Generally do very few passages. In the past 2-3 per year over 1500nm. Now expect no passages with longest uninterrupted run ~500nm. Trend is to change cruising grounds then do very short hops (25-50nm) every few days. Often stay in one place for over a week. When ever feasible anchor out.
How many others here fall into the same or similar cruising pattern? If you do something else, what?
Having studied this problem for a while, I’ve arrived at the conclusion that, within acceptable tolerances*, a figure of 1 kWh per nm for propulsion makes a good starting point. So, using the middle of the 25-50 nm range, we get 37.5 nm. Add a few percentage to that to cover errors and omissions, and a comfortable number appears to be 40 kWh to cover most cruising needs, with maybe 60 kWh covering all the “short hops” running.
I’ve never gotten a clear read on how much of a budget to use for house power, parasitic loads, and what appears to be referred to as “hospital power” (a term I’m not familiar with). However, being comfortable with guessing, I’m going to budget 3 kW of continuous consumption for those loads. With 7 kW consumed for propulsion while underway, a total of 10 kW, with the appropriate amount of squinting, feels like an acceptable number (I’ll address those error bars).

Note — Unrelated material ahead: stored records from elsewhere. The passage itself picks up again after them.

lemma blockm_mult_vec_join:
  fixes A :: "'a::semiring_1^'n1::finite^'m1::finite" and B :: "'a^'n2::finite^'m1"
    and C :: "'a^'n1^'m2::finite" and D :: "'a^'n2^'m2"
  shows "blockm A B C D *v vec_join x y = vec_join (A *v x + B *v y) (C *v x + D *v y)"
  unfolding blockm_def vec_join_def matrix_vector_mult_def
  by (auto simp: vec_eq_iff sum.Plus[where A=UNIV and B=UNIV, simplified] o_def split: sum.split)

lemma invertible_mat_1_minus_mult:
  fixes X Y :: "real^'n::finite^'n"
  assumes "pos_def (blockm X (mat 1) (mat 1) Y)"
  shows "invertible (mat 1 - Y ** X)"
proof -
  have "v = 0" if "(mat 1 - Y ** X) *v v = 0" for v
  proof -
    have "v = Y *v (X *v v)"
      using that by (simp add: matrix_vector_mult_diff_rdistrib matrix_vector_mul_assoc)
    then have "blockm X (mat 1) (mat 1) Y *v vec_join v (- (X *v v)) = 0"
      by (simp add: blockm_mult_vec_join linear_neg[OF matrix_vector_mul_linear])
    then show "v = 0"
      using assms unfolding pos_def_def by (metis inner_zero_right less_irrefl vec_join_eq_0_iff)
  qed
  then show ?thesis
    using matrix_left_invertible_ker invertible_left_inverse by blast
qed

lemma Ggamma_invertible:
  assumes "(X, Y, Ah, Bh, Ch, Dh, Pm, Xi) \<in> Ggamma P \<gamma>"
  shows "invertible Pm" "invertible Xi"
proof -
  have "det Xi * det Pm \<noteq> 0"
    using assms invertible_mat_1_minus_mult
    by (auto simp: Ggamma_def invertible_det_nz det_mul[symmetric])
  then show "invertible Pm" "invertible Xi"
    by (simp_all add: invertible_det_nz)
qed
definition is_system :: "nat \<Rightarrow> (nat \<Rightarrow> 'x \<Rightarrow> 'x) \<Rightarrow> (nat \<Rightarrow> 'u \<Rightarrow> 'x) \<Rightarrow> (nat \<Rightarrow> 'x \<Rightarrow> 'y)
     \<Rightarrow> (nat \<Rightarrow> 'u \<Rightarrow> 'y) \<Rightarrow> 'x hspace \<Rightarrow> 'u hspace \<Rightarrow> 'y hspace \<Rightarrow> bool" where
  "is_system N A B C D X U Y \<longleftrightarrow>
     sep_hilbert X \<and> sep_hilbert U \<and> sep_hilbert Y \<and>
     (\<forall>k<N. bop X X (A k) \<and> bop U X (B k) \<and> bop X Y (C k) \<and> bop U Y (D k))"

definition resolvent_op :: "'x hspace \<Rightarrow> nat \<Rightarrow> (nat \<Rightarrow> complex) \<Rightarrow> (nat \<Rightarrow> 'x \<Rightarrow> 'x) \<Rightarrow> 'x \<Rightarrow> 'x" where
  "resolvent_op X N z A x = hadd X x (hscale X (-1) (opc X N z A x))"

text \<open>Transfer function zD + zC (I - zA)^{-1} zB (meaningful where I - zA is invertible).\<close>
definition transfer_fun :: "nat \<Rightarrow> (nat \<Rightarrow> 'x \<Rightarrow> 'x) \<Rightarrow> (nat \<Rightarrow> 'u \<Rightarrow> 'x) \<Rightarrow> (nat \<Rightarrow> 'x \<Rightarrow> 'y)
     \<Rightarrow> (nat \<Rightarrow> 'u \<Rightarrow> 'y) \<Rightarrow> 'x hspace \<Rightarrow> 'y hspace \<Rightarrow> (nat \<Rightarrow> complex) \<Rightarrow> 'u \<Rightarrow> 'y" where
  "transfer_fun N A B C D X Y z u =
     hadd Y (opc Y N z D u)
       (opc Y N z C (inv_into (hcarrier X) (resolvent_op X N z A) (opc X N z B u)))"

definition transfer_coincides :: "nat \<Rightarrow> (nat \<Rightarrow> 'x \<Rightarrow> 'x) \<Rightarrow> (nat \<Rightarrow> 'u \<Rightarrow> 'x) \<Rightarrow> (nat \<Rightarrow> 'x \<Rightarrow> 'y)
     \<Rightarrow> (nat \<Rightarrow> 'u \<Rightarrow> 'y) \<Rightarrow> 'x hspace \<Rightarrow> 'u hspace \<Rightarrow> 'y hspace
     \<Rightarrow> ((nat \<Rightarrow> complex) \<Rightarrow> 'u \<Rightarrow> 'y) \<Rightarrow> bool" where
  "transfer_coincides N A B C D X U Y \<theta> \<longleftrightarrow>
     (\<exists>e>0. \<forall>z. (\<forall>k<N. cmod (z k) < e) \<longrightarrow>
        bij_betw (resolvent_op X N z A) (hcarrier X) (hcarrier X) \<and>
        (\<forall>u\<in>hcarrier U. \<theta> z u = transfer_fun N A B C D X Y z u))"
(* Let $k,c\geq 0$ be integers. If $G$ is a $k$-gap-planar graph and a subgraph $G'$ of $G$ is a $(\leq c)$-subdivision of some graph $H$, then $H$ is $(c+1)k$-gap-planar.
   Context: All graphs are simple, finite and undirected. A drawing of a graph $G$ in the plane represents each vertex by a distinct point and each edge $vw$ by a non-self-intersecting curve between the points of $v$ and $w$, such that no three edges cross at a single point. A drawing is $k$-gap-planar if every crossing can be charged to one of the two edges involved so that at most $k$ crossings are charged to each edge; a graph is $k$-gap-planar if it has a $k$-gap-planar drawing in the plane. A $(\leq c)$-subdivision of a graph $H$ is obtained by replacing each edge of $H$ by a path with at most $c$ new internal vertices, the paths being internally disjoint. *)

theory Defs
  imports "HOL-Analysis.Analysis"
begin

definition graph :: "'v set \<Rightarrow> 'v set set \<Rightarrow> bool" where
  "graph V E \<longleftrightarrow> finite V \<and> (\<forall>e\<in>E. \<exists>u v. e = {u, v} \<and> u \<noteq> v \<and> u \<in> V \<and> v \<in> V)"

definition subgraph :: "'v set \<Rightarrow> 'v set set \<Rightarrow> 'v set \<Rightarrow> 'v set set \<Rightarrow> bool" where
  "subgraph V' E' V E \<longleftrightarrow> graph V' E' \<and> V' \<subseteq> V \<and> E' \<subseteq> E"

text \<open>The plane is modelled as the complex numbers; curves are arcs (injective paths on [0,1]).\<close>
definition interior_pts :: "(real \<Rightarrow> complex) \<Rightarrow> complex set" where
  "interior_pts g = path_image g - {pathstart g, pathfinish g}"

definition crossings :: "'v set set \<Rightarrow> ('v set \<Rightarrow> real \<Rightarrow> complex) \<Rightarrow> ('v set set \<times> complex) set" where
  "crossings E curve =
     {({e, f}, p) | e f p. e \<in> E \<and> f \<in> E \<and> e \<noteq> f \<and>
                          p \<in> interior_pts (curve e) \<and> p \<in> interior_pts (curve f)}"

definition drawing :: "'v set \<Rightarrow> 'v set set \<Rightarrow> ('v \<Rightarrow> complex) \<Rightarrow> ('v set \<Rightarrow> real \<Rightarrow> complex) \<Rightarrow> bool" where
  "drawing V E pos curve \<longleftrightarrow>
     inj_on pos V \<and>
     (\<forall>e\<in>E. arc (curve e) \<and>
             {pathstart (curve e), pathfinish (curve e)} = pos ` e \<and>
             path_image (curve e) \<inter> pos ` V = pos ` e) \<and>
     finite (crossings E curve) \<and>
     (\<forall>p. card {e \<in> E. p \<in> interior_pts (curve e)} \<le> 2)"

definition gap_planar_drawing ::
  "nat \<Rightarrow> 'v set \<Rightarrow> 'v set set \<Rightarrow> ('v \<Rightarrow> complex) \<Rightarrow> ('v set \<Rightarrow> real \<Rightarrow> complex) \<Rightarrow> bool" where
  "gap_planar_drawing k V E pos curve \<longleftrightarrow>
     drawing V E pos curve \<and>
     (\<exists>ch. (\<forall>x\<in>crossings E curve. ch x \<in> fst x) \<and>
           (\<forall>e\<in>E. card {x \<in> crossings E curve. ch x = e} \<le> k))"

definition k_gap_planar :: "nat \<Rightarrow> 'v set \<Rightarrow> 'v set set \<Rightarrow> bool" where
  "k_gap_planar k V E \<longleftrightarrow> (\<exists>pos curve. gap_planar_drawing k V E pos curve)"

definition path_edges :: "'v list \<Rightarrow> 'v set set" where
  "path_edges xs = {{xs ! i, xs ! Suc i} | i. Suc i < length xs}"

definition inner_vertices :: "'v list \<Rightarrow> 'v set" where
  "inner_vertices xs = set (butlast (tl xs))"

definition subdivision_le :: "nat \<Rightarrow> 'v set \<Rightarrow> 'v set set \<Rightarrow> 'w set \<Rightarrow> 'w set set \<Rightarrow> bool" where
  "subdivision_le c V' E' VH EH \<longleftrightarrow>
     (\<exists>(\<phi> :: 'w \<Rightarrow> 'v) (P :: 'w set \<Rightarrow> 'v list).
        inj_on \<phi> VH \<and>
        (\<forall>e\<in>EH. distinct (P e) \<and> 2 \<le> length (P e) \<and> length (P e) \<le> c + 2 \<and>
                 {hd (P e), last (P e)} = \<phi> ` e \<and>
                 inner_vertices (P e) \<inter> \<phi> ` VH = {}) \<and>
        (\<forall>e\<in>EH. \<forall>f\<in>EH. e \<noteq> f \<longrightarrow> inner_vertices (P e) \<inter> inner_vertices (P f) = {}) \<and>
        V' = \<phi> ` VH \<union> (\<Union>e\<in>EH. inner_vertices (P e)) \<and>
        E' = (\<Union>e\<in>EH. path_edges (P e)))"

end

theory Submission
  imports Defs
begin

text \<open>Each edge \<open>e\<close> of \<open>H\<close> is drawn along its subdivision path \<open>P e\<close>: concatenating the curves
  of the at most \<open>c + 1\<close> edges of \<open>P e\<close> and extracting an arc gives a curve between the images of
  the branch vertices of \<open>e\<close>. Since different paths share no inner vertex, two such curves can
  only meet in interior points of edges of \<open>G\<close>, so a crossing of the new drawing at a point \<open>p\<close>
  is a crossing of the old drawing at \<open>p\<close>, between an edge of each of the two paths. Charging the
  new crossing to the edge of \<open>H\<close> whose path contains the charged edge of the old crossing, each
  edge of \<open>H\<close> receives at most \<open>k\<close> crossings per edge of its path, hence at most \<open>(c + 1) k\<close>.\<close>

lemma path_edges_eq_image: "path_edges xs = (\<lambda>i. {xs ! i, xs ! Suc i}) ` {..< length xs - 1}"
  unfolding path_edges_def by auto

lemma finite_path_edges: "finite (path_edges xs)"
  by (simp add: path_edges_eq_image)

lemma card_path_edges_le: "card (path_edges xs) \<le> length xs - 1"
  unfolding path_edges_eq_image by (metis card_image_le card_lessThan finite_lessThan)

lemma path_edges_Cons:
  assumes "xs \<noteq> []"
  shows "path_edges (x # xs) = insert {x, hd xs} (path_edges xs)"
proof -
  obtain n where "length xs = Suc n" using assms by (cases xs) auto
  then show ?thesis
    using assms by (simp add: path_edges_eq_image lessThan_Suc_eq_insert_0 image_image hd_conv_nth)
qed

lemma path_edges_subset_set: "g \<in> path_edges xs \<Longrightarrow> g \<subseteq> set xs"
  unfolding path_edges_def by auto

lemma doubleton_of_path_edge:
  assumes "distinct xs" and "g \<in> path_edges xs"
  obtains x y where "g = {x, y}" and "x \<noteq> y"
proof -
  obtain i where "g = {xs ! i, xs ! Suc i}" and "Suc i < length xs"
    using assms(2) unfolding path_edges_def by auto
  with assms(1) show ?thesis by (intro that) (auto simp: nth_eq_iff_index_eq)
qed

lemma set_eq_hd_last_inner_vertices:
  assumes "2 \<le> length xs"
  shows "set xs = {hd xs, last xs} \<union> inner_vertices xs"
proof -
  obtain a ys where "xs = a # ys" and "ys \<noteq> []"
    using assms by (cases xs) fastforce+
  then obtain zs b where "xs = a # zs @ [b]"
    by (metis rev_exhaust)
  then show ?thesis by (auto simp: inner_vertices_def)
qed

lemma hd_neq_last_if_distinct: "distinct xs \<Longrightarrow> 2 \<le> length xs \<Longrightarrow> hd xs \<noteq> last xs"
  by (cases xs) auto

lemma orient_path:
  assumes "path a" and "{pathstart a, pathfinish a} = {u, v}"
  obtains b where "path b" "pathstart b = u" "pathfinish b = v" "path_image b = path_image a"
proof (cases "pathstart a = u")
  case True
  then show ?thesis using assms that by (auto simp: doubleton_eq_iff)
next
  case False
  then show ?thesis
    using assms that[of "reversepath a"] by (auto simp: doubleton_eq_iff)
qed

lemma path_along_path_edges:
  fixes pos :: "'v \<Rightarrow> 'a::real_normed_vector"
  assumes "xs \<noteq> []"
    and "\<And>g. g \<in> path_edges xs \<Longrightarrow> path (curve g) \<and> {pathstart (curve g), pathfinish (curve g)} = pos ` g"
  shows "\<exists>\<gamma>. path \<gamma> \<and> pathstart \<gamma> = pos (hd xs) \<and> pathfinish \<gamma> = pos (last xs) \<and>
           path_image \<gamma> \<subseteq> pos ` set xs \<union> (\<Union>g\<in>path_edges xs. path_image (curve g))"
  using assms
proof (induction xs)
  case Nil
  then show ?case by simp
next
  case (Cons x xs)
  show ?case
  proof (cases "xs = []")
    case True
    then show ?thesis by (intro exI[of _ "\<lambda>_. pos x"]) (auto simp: path_const pathstart_def pathfinish_def)
  next
    case False
    have edges: "path_edges (x # xs) = insert {x, hd xs} (path_edges xs)"
      using False by (rule path_edges_Cons)
    obtain \<gamma> where \<gamma>: "path \<gamma>" "pathstart \<gamma> = pos (hd xs)" "pathfinish \<gamma> = pos (last xs)"
      "path_image \<gamma> \<subseteq> pos ` set xs \<union> (\<Union>g\<in>path_edges xs. path_image (curve g))"
      using Cons False edges by auto
    obtain \<beta> where \<beta>: "path \<beta>" "pathstart \<beta> = pos x" "pathfinish \<beta> = pos (hd xs)"
      "path_image \<beta> = path_image (curve {x, hd xs})"
      using orient_path[of "curve {x, hd xs}" "pos x" "pos (hd xs)"] Cons.prems(2) edges by auto
    show ?thesis
      using \<beta> \<gamma> False edges by (intro exI[of _ "\<beta> +++ \<gamma>"]) (auto simp: path_image_join)
  qed
qed
definition lie_algebra :: "('k::field \<Rightarrow> 'v::ab_group_add \<Rightarrow> 'v) \<Rightarrow> ('v \<Rightarrow> 'v \<Rightarrow> 'v) \<Rightarrow> bool" where
  "lie_algebra scale br \<longleftrightarrow> vector_space scale \<and>
     (\<forall>x. Vector_Spaces.linear scale scale (br x)) \<and>
     (\<forall>y. Vector_Spaces.linear scale scale (\<lambda>x. br x y)) \<and>
     (\<forall>x. br x x = 0) \<and>
     (\<forall>x y z. br x (br y z) + br y (br z x) + br z (br x y) = 0)"

text \<open>Right-nested bracket [x1,[x2,[...,[xk,x(k+1)]...]]] of a nonempty list.\<close>
fun rnest :: "('v::zero \<Rightarrow> 'v \<Rightarrow> 'v) \<Rightarrow> 'v list \<Rightarrow> 'v" where
  "rnest br [] = 0"
| "rnest br [x] = x"
| "rnest br (x # y # xs) = br x (rnest br (y # xs))"

definition leibniz_rule :: "('v::comm_monoid_add \<Rightarrow> 'v \<Rightarrow> 'v) \<Rightarrow> nat \<Rightarrow> 'v set \<Rightarrow> ('v \<Rightarrow> 'v) \<Rightarrow> bool" where
  "leibniz_rule br k S P \<longleftrightarrow>
     (\<forall>xs. length xs = k + 1 \<and> set xs \<subseteq> S \<longrightarrow>
        P (rnest br xs) = (\<Sum>i<k+1. rnest br (xs[i := P (xs ! i)])))"

definition LDer :: "('k::field \<Rightarrow> 'v::ab_group_add \<Rightarrow> 'v) \<Rightarrow> ('v \<Rightarrow> 'v \<Rightarrow> 'v) \<Rightarrow> nat \<Rightarrow> ('v \<Rightarrow> 'v) set" where
  "LDer scale br k = {P. Vector_Spaces.linear scale scale P \<and> leibniz_rule br k UNIV P}"

definition LDer_pair :: "('k::field \<Rightarrow> 'v::ab_group_add \<Rightarrow> 'v) \<Rightarrow> ('v \<Rightarrow> 'v \<Rightarrow> 'v) \<Rightarrow>
    (nat \<Rightarrow> 'v set) \<Rightarrow> nat \<Rightarrow> nat \<Rightarrow> nat \<Rightarrow> nat \<Rightarrow> ('v \<Rightarrow> 'v) set" where
  "LDer_pair scale br G r k i j =
    (if i = j then
       {f. Vector_Spaces.linear scale scale f
           \<and> (\<forall>l\<in>{1..r} - {i}. \<forall>x\<in>G l. f x = 0)
           \<and> f ` G i \<subseteq> G i
           \<and> leibniz_rule br k (G i) f}
     else
       {f. Vector_Spaces.linear scale scale f
           \<and> (\<forall>l\<in>{1..r} - {i}. \<forall>x\<in>G l. f x = 0)
           \<and> range f \<subseteq> G j
           \<and> (\<forall>ys. length ys = k + 1 \<and> set ys \<subseteq> G i \<longrightarrow> f (rnest br ys) = 0)
           \<and> (\<forall>s<k+1. \<forall>y\<in>G i. \<forall>zs. length zs = k + 1 \<and> set zs \<subseteq> G j \<longrightarrow>
                 rnest br (zs[s := f y]) = 0)})"

end

theory Submission
  imports Defs
begin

Looking into generator consumption, it appears that a 16 kW generator at 3/4 load (12 kW) consumes about 1 gph. So running at 1 gph of fuel consumption should get us 7 nm, with a 20% budget for total consumption errors (12 kW produced vs. 10 kW estimated for use). Note that this doesn’t necessarily mean running at 7 knots. That 1 kW/nm depends heavily on hull shape and displacement, and might mean 5 knots in an inefficient boat.
So, running on generator for long runs, it looks like 3/4 load will produce sufficient energy to go seven miles on one gallon of fuel. That sounds like amazing efficiency, but not so far out that it’s ridiculous (how far will your boat go on 1 gallon at slow speeds?). Given that, just over 70 gallons of fuel will be consumed in one of the “long” runs of 500 nm.
I hear a lot of grumbling in the back of the room, so I’ll say this: as Hippocampus described above, a lot of this depends on hull design. But it FEELS to me like this model is a good one; a workable one.
Now the trick is to find a hull that is a) livable (because that’s the key here; we’re not racing, we’re cruising); and b) moves through the water an an acceptable speed on 7 kW of motor power. To the question of what constitutes an “acceptable speed,” well that’s left to the skipper, and how long they want to spend at the helm to get where they’re going.
And, to address those error bars further, even if I’m off by 100% on the propulsion consumption, and it’s really 2 kW/nm, that’s still reasonable efficiency. Generator sizing is down to a tolerance for how long you want to run the generator to power the batteries, not how long you want to be underway (which is the case with diesel-driven boats; the engine is running ALWAYS while underway, and the generator is running sometimes when stopped).
Thoughts?
* A generalization, and depends entirely on hull shape, displacement, drag, etc., etc., etc. There are wide error bars in the curve.